> [Task instructions]:
The entries that follow include a run beginning at the line with "(\<Sum>j\<le>d. Ep j) = mat 1 \<and>" and ending at the line with "choice of \<open>H\<close>"; restate that run word for word and leave the rest out.
Segment Start: Material for this exercise
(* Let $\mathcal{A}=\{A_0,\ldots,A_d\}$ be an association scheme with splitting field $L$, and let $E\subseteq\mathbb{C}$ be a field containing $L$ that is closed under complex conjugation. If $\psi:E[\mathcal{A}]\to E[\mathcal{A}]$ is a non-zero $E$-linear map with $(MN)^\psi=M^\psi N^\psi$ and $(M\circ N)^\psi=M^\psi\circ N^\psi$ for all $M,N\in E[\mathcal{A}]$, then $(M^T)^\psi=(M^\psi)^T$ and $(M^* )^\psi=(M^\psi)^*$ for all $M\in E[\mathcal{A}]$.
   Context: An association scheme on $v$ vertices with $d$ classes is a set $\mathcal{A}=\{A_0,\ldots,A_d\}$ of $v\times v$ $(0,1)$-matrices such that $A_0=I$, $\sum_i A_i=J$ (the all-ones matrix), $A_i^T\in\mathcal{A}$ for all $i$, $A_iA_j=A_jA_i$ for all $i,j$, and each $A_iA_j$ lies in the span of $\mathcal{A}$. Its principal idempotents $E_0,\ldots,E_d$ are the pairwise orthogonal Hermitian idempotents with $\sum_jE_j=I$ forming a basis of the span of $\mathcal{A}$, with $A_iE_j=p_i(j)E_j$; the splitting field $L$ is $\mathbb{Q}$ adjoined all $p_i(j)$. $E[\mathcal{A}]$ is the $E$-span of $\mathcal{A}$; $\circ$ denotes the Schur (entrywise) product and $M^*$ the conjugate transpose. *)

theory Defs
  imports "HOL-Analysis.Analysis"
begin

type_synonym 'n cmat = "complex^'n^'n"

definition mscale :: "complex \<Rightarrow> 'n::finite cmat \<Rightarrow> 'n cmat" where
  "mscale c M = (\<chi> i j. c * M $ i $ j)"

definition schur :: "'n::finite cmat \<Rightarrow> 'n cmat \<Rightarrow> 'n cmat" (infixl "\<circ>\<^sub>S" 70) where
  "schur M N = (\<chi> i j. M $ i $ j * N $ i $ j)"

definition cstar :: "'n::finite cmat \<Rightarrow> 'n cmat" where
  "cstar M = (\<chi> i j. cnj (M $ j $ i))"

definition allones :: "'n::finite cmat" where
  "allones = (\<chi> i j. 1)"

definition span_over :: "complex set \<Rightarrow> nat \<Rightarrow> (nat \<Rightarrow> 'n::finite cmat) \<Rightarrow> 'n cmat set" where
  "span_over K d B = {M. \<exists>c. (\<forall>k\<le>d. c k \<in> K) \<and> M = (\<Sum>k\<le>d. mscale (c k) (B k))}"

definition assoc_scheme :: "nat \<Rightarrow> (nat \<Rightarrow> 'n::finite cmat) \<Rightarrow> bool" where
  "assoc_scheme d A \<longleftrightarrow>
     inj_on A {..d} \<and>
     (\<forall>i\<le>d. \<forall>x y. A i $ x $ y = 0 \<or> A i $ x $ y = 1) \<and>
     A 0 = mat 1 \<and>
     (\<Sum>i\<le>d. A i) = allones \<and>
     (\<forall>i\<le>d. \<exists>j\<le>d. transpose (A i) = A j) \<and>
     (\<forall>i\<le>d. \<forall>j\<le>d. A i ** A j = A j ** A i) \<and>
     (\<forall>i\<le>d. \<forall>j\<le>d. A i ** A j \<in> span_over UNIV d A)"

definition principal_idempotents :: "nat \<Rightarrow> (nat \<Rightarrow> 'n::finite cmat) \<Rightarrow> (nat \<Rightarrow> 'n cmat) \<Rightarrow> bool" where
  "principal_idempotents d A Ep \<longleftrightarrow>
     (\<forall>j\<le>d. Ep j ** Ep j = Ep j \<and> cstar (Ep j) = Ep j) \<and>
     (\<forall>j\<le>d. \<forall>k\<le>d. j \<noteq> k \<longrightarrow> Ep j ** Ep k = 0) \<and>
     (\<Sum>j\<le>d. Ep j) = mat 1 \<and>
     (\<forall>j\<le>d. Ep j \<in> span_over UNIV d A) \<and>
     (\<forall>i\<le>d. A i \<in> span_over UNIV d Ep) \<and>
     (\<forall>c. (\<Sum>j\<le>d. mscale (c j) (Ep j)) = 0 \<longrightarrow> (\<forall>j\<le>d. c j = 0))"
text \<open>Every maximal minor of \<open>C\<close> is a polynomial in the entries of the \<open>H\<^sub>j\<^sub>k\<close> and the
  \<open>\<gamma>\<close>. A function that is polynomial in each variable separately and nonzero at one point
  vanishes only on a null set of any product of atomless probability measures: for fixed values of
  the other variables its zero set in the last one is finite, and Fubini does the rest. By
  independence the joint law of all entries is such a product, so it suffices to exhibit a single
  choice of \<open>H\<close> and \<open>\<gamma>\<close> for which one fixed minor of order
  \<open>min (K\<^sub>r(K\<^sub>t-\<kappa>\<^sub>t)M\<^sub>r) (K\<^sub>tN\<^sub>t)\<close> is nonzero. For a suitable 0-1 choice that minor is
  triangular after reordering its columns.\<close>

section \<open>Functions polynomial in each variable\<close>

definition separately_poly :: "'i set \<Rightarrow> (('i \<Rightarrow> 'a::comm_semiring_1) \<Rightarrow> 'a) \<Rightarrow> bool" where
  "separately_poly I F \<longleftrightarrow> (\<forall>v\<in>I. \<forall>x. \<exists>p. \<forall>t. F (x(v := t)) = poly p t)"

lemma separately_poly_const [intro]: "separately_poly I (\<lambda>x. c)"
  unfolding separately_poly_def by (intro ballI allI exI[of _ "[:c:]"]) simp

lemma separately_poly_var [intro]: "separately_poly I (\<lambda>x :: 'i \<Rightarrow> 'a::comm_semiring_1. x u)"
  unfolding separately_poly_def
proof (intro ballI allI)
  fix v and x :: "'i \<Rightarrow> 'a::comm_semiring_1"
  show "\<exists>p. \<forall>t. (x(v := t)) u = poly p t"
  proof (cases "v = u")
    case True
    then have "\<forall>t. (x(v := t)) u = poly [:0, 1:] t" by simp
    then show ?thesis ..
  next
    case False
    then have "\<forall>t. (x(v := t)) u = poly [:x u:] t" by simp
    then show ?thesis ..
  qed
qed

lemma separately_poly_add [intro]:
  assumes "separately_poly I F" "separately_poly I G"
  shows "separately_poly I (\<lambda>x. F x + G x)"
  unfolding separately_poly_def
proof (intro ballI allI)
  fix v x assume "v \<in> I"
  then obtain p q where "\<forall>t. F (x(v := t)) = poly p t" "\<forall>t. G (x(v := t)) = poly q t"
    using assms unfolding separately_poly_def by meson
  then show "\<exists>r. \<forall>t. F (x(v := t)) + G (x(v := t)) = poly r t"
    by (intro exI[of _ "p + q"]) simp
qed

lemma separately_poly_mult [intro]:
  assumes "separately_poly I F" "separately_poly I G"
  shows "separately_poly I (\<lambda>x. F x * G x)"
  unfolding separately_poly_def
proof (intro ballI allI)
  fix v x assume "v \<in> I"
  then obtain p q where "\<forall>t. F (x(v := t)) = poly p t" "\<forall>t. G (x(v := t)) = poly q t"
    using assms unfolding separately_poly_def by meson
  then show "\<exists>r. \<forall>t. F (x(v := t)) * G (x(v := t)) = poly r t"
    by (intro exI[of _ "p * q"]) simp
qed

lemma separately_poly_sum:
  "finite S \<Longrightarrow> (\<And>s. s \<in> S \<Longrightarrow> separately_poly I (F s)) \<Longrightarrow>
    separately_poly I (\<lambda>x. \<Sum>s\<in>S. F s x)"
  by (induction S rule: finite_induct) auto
Segment End: Material for this exercise
> [Completed exercise]:
     (\<Sum>j\<le>d. Ep j) = mat 1 \<and>
     (\<forall>j\<le>d. Ep j \<in> span_over UNIV d A) \<and>
     (\<forall>i\<le>d. A i \<in> span_over UNIV d Ep) \<and>
     (\<forall>c. (\<Sum>j\<le>d. mscale (c j) (Ep j)) = 0 \<longrightarrow> (\<forall>j\<le>d. c j = 0))"
text \<open>Every maximal minor of \<open>C\<close> is a polynomial in the entries of the \<open>H\<^sub>j\<^sub>k\<close> and the
  \<open>\<gamma>\<close>. A function that is polynomial in each variable separately and nonzero at one point
  vanishes only on a null set of any product of atomless probability measures: for fixed values of
  the other variables its zero set in the last one is finite, and Fubini does the rest. By
  independence the joint law of all entries is such a product, so it suffices to exhibit a single
  choice of \<open>H\<close> and \<open>\<gamma>\<close> for which one fixed minor of order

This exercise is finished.